Determine how many lines in the entries below hold "equals". Respond with that number only.

★ ★ ★ ★ ★ ★ ★

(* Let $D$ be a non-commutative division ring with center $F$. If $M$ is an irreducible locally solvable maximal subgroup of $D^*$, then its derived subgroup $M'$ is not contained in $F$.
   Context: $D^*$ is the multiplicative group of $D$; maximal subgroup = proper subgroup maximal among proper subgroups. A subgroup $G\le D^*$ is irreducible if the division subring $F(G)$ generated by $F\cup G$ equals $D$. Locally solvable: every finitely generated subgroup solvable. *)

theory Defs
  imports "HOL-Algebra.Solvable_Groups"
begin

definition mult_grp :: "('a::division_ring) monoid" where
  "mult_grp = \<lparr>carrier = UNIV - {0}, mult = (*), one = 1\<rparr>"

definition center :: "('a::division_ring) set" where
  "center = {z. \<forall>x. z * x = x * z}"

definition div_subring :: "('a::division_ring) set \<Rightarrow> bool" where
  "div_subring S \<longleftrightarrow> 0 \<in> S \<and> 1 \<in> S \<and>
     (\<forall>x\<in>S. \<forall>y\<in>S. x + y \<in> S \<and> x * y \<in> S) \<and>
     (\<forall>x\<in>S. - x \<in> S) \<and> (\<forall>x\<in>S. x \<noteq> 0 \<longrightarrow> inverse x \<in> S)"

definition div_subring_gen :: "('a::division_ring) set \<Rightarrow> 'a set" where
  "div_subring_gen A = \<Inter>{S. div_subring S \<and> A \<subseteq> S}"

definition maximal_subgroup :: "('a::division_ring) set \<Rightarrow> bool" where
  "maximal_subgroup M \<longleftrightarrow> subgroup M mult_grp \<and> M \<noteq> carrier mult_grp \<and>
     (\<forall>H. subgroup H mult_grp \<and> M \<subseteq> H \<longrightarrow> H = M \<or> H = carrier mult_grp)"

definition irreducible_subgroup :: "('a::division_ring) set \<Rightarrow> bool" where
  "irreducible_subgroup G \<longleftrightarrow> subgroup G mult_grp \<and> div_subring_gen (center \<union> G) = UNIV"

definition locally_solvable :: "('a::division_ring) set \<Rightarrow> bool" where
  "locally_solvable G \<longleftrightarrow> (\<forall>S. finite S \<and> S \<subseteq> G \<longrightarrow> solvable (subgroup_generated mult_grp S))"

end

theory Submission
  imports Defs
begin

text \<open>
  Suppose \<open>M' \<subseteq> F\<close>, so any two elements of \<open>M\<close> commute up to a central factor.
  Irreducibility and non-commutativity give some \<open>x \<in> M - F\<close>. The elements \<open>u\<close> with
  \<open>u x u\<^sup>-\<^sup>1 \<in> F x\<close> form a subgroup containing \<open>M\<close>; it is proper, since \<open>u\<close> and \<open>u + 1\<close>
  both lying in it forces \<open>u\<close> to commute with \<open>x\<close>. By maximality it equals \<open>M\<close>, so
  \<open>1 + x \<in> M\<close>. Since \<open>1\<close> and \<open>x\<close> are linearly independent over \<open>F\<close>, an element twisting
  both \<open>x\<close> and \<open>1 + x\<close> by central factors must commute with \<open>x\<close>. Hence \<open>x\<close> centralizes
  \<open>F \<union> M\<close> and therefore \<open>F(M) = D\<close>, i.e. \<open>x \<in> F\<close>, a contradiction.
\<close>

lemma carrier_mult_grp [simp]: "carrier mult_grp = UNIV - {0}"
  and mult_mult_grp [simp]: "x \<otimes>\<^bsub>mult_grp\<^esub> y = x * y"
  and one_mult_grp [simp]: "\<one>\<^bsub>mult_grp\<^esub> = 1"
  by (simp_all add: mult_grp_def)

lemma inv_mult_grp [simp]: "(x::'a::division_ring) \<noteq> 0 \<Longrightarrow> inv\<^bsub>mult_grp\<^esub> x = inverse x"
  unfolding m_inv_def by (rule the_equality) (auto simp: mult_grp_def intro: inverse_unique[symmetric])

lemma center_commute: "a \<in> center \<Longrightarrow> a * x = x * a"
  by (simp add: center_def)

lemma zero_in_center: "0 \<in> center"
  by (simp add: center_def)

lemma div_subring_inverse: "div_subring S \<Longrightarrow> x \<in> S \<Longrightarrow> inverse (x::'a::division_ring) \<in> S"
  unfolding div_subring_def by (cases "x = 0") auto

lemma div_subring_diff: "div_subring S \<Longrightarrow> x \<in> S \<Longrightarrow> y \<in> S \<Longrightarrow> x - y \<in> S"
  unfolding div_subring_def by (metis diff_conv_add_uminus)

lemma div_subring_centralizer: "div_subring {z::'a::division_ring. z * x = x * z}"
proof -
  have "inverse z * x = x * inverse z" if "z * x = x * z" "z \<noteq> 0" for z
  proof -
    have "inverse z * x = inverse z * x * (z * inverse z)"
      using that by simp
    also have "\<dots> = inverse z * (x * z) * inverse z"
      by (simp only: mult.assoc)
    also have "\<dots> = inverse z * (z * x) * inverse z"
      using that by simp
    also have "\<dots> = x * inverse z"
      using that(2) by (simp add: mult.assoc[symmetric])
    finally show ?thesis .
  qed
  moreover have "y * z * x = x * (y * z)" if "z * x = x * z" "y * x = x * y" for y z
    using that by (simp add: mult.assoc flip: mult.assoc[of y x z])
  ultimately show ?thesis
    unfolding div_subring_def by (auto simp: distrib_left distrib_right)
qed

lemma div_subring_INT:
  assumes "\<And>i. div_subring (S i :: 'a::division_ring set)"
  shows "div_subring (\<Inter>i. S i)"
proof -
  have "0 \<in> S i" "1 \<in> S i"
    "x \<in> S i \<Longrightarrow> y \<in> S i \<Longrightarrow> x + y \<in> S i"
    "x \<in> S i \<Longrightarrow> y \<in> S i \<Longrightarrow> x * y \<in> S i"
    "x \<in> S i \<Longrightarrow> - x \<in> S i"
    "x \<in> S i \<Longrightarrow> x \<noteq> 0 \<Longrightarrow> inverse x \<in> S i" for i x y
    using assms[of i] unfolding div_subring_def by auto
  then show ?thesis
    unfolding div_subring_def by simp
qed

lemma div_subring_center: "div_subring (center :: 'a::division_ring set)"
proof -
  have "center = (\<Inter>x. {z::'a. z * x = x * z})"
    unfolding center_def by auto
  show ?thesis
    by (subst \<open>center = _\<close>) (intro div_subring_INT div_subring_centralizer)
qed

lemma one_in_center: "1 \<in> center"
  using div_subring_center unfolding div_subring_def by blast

★ ★ ★ ★ ★ ★ ★

● THE COMPLETED TASK
2